Interpreting Results

  • Effect Size: Beyond statistical significance, the strength of the relationship is important. For correlations, the effect size can be understood through the magnitude of the correlation coefficient.

  • Confidence Intervals: Provide a range within which the true value of the parameter lies with a certain level of confidence. For correlations, this helps in understanding the precision of the estimate.

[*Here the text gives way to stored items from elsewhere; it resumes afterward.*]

(* Let $f\colon K\to R$ be a right t-unital homomorphism of (nonunital) rings. Then (a) a right $R$-module is t-unital as an $R$-module if and only if it is t-unital as a $K$-module; (b) a left $R$-module is c-unital as an $R$-module if and only if it is c-unital as a $K$-module.
   Context: Rings are associative, not necessarily unital; modules are not assumed unital; $R$-modules are regarded as $K$-modules via $f$. A right module $N$ over a ring $S$ is t-unital if $N\otimes_S S\to N$, $n\otimes s\mapsto ns$, is an isomorphism; a left $S$-module $P$ is c-unital if $P\to\mathrm{Hom}_S(S,P)$, $p\mapsto(s\mapsto sp)$, is an isomorphism. The homomorphism $f$ is right t-unital if $R$, as a right $K$-module via $f$, is t-unital. *)

theory Defs
  imports Main "HOL-Library.Poly_Mapping"
begin

text \<open>Nonunital rings are modelled by the type class ring (associative, not
necessarily commutative, no unit). Modules are abelian groups with an action
satisfying the (non-unital) module axioms.\<close>

definition ring_hom_nu :: "('k::ring \<Rightarrow> 'r::ring) \<Rightarrow> bool" where
  "ring_hom_nu f \<longleftrightarrow> (\<forall>a b. f (a + b) = f a + f b) \<and> (\<forall>a b. f (a * b) = f a * f b)"

definition right_module :: "('n::ab_group_add \<Rightarrow> 's::ring \<Rightarrow> 'n) \<Rightarrow> bool" where
  "right_module act \<longleftrightarrow>
     (\<forall>n n' s. act (n + n') s = act n s + act n' s) \<and>
     (\<forall>n s s'. act n (s + s') = act n s + act n s') \<and>
     (\<forall>n s t. act (act n s) t = act n (s * t))"

definition left_module :: "('s::ring \<Rightarrow> 'p::ab_group_add \<Rightarrow> 'p) \<Rightarrow> bool" where
  "left_module act \<longleftrightarrow>
     (\<forall>s p p'. act s (p + p') = act s p + act s p') \<and>
     (\<forall>s s' p. act (s + s') p = act s p + act s' p) \<and>
     (\<forall>s t p. act s (act t p) = act (s * t) p)"

definition zsm :: "int \<Rightarrow> 'a::ab_group_add \<Rightarrow> 'a" where
  "zsm k a = (if 0 \<le> k then (\<Sum>i<nat k. a) else - (\<Sum>i<nat (-k). a))"

text \<open>N \<otimes>_S S is the quotient of the free abelian group on N \<times> S
(finitely supported integer-valued functions) by the subgroup tens_rel
generated by the bilinearity and balancing relations.\<close>
inductive_set tens_rel :: "('n::ab_group_add \<Rightarrow> 's::ring \<Rightarrow> 'n) \<Rightarrow> (('n \<times> 's) \<Rightarrow>\<^sub>0 int) set"
  for act where
  add_left: "Poly_Mapping.single (n + n', s) 1 - Poly_Mapping.single (n, s) 1
              - Poly_Mapping.single (n', s) 1 \<in> tens_rel act"
| add_right: "Poly_Mapping.single (n, s + s') 1 - Poly_Mapping.single (n, s) 1
              - Poly_Mapping.single (n, s') 1 \<in> tens_rel act"
| balanced: "Poly_Mapping.single (act n t, s) 1 - Poly_Mapping.single (n, t * s) 1 \<in> tens_rel act"
| zero: "0 \<in> tens_rel act"
| plus: "x \<in> tens_rel act \<Longrightarrow> y \<in> tens_rel act \<Longrightarrow> x + y \<in> tens_rel act"
| uminus: "x \<in> tens_rel act \<Longrightarrow> - x \<in> tens_rel act"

  • p-Value: Indicates the probability that the observed relationship is due to chance. A p-value less than 0.05 is typically considered statistically significant.

Applications

  • Business and Economics: Analyzing the relationship between sales and marketing expenditure, or price and demand.

  • Healthcare: Studying the relationship between patient age and recovery time, or smoking and lung cancer incidence.

  • Social Sciences: Investigating the relationship between education level and income, or social media use and mental health.

Challenges and Consideration

  • Outliers: Can significantly affect the results of bivariate analysis.

  • Non-linearity: Relationships may not always be linear, requiring different analytical techniques.

  • Confounding Variables: Other variables might influence the relationship, requiring multivariate analysis for better understanding.

Ethical Considerations

  • Bias and Fairness: Ensure that the analysis is free from biases. Consider the impact of the findings and avoid reinforcing stereotypes or inequalities.

  • Transparency: Report all methods and findings transparently, including any assumptions, limitations, and the context of the data.